• EXERCISE DESCRIPTION:
Reproduce, from the lines below, exactly the stretch that begins at the line containing "Max ((\<lambda>x. \<bar>h" and ends at the line containing "G \<mu> \<longleftrightarrow>", both included.

Saved data entries
"""
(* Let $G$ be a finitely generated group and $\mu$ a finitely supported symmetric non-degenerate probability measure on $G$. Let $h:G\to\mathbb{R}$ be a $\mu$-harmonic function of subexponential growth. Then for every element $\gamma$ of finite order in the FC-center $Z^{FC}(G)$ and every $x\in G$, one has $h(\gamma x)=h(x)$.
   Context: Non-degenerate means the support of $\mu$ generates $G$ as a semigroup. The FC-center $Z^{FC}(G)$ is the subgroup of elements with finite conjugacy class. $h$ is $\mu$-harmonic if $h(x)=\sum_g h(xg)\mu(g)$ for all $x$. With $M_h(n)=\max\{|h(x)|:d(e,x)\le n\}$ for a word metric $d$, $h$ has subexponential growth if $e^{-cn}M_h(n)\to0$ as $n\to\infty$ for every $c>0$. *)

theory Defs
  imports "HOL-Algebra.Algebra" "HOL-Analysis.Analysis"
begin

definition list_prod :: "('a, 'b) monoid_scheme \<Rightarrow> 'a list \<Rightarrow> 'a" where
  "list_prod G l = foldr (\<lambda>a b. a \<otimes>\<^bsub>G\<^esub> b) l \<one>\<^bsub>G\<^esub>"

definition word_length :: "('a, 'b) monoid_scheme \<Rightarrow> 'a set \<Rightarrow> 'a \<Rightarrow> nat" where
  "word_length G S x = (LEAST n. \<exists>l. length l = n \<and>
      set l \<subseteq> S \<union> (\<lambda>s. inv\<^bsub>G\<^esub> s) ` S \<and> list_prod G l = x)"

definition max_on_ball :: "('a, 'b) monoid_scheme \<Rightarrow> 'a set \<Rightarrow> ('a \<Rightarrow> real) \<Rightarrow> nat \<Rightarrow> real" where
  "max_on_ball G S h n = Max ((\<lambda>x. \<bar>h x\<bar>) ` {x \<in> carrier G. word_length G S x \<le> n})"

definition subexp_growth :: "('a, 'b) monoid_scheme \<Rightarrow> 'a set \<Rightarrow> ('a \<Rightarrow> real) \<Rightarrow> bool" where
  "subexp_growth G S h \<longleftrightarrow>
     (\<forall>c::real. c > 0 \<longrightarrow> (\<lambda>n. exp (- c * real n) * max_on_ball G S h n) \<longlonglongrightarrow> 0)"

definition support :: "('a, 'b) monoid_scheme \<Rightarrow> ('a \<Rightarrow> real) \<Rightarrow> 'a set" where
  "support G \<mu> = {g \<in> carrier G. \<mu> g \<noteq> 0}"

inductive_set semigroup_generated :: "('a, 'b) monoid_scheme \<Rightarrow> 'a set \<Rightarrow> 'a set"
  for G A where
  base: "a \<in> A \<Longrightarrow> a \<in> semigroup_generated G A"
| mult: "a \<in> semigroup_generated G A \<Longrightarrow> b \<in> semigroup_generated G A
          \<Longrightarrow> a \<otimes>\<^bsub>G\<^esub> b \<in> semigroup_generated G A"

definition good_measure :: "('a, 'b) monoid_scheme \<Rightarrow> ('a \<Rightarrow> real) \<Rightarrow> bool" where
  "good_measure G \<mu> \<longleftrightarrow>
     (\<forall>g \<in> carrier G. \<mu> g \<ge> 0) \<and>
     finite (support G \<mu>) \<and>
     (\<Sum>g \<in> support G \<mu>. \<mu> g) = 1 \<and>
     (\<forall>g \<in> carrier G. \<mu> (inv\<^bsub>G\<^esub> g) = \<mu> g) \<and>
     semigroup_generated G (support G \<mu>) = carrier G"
"""
• REPLY TO THE TASK:
  "max_on_ball G S h n = Max ((\<lambda>x. \<bar>h x\<bar>) ` {x \<in> carrier G. word_length G S x \<le> n})"

definition subexp_growth :: "('a, 'b) monoid_scheme \<Rightarrow> 'a set \<Rightarrow> ('a \<Rightarrow> real) \<Rightarrow> bool" where
  "subexp_growth G S h \<longleftrightarrow>
     (\<forall>c::real. c > 0 \<longrightarrow> (\<lambda>n. exp (- c * real n) * max_on_ball G S h n) \<longlonglongrightarrow> 0)"

definition support :: "('a, 'b) monoid_scheme \<Rightarrow> ('a \<Rightarrow> real) \<Rightarrow> 'a set" where
  "support G \<mu> = {g \<in> carrier G. \<mu> g \<noteq> 0}"

inductive_set semigroup_generated :: "('a, 'b) monoid_scheme \<Rightarrow> 'a set \<Rightarrow> 'a set"
  for G A where
  base: "a \<in> A \<Longrightarrow> a \<in> semigroup_generated G A"
| mult: "a \<in> semigroup_generated G A \<Longrightarrow> b \<in> semigroup_generated G A
          \<Longrightarrow> a \<otimes>\<^bsub>G\<^esub> b \<in> semigroup_generated G A"

definition good_measure :: "('a, 'b) monoid_scheme \<Rightarrow> ('a \<Rightarrow> real) \<Rightarrow> bool" where
  "good_measure G \<mu> \<longleftrightarrow>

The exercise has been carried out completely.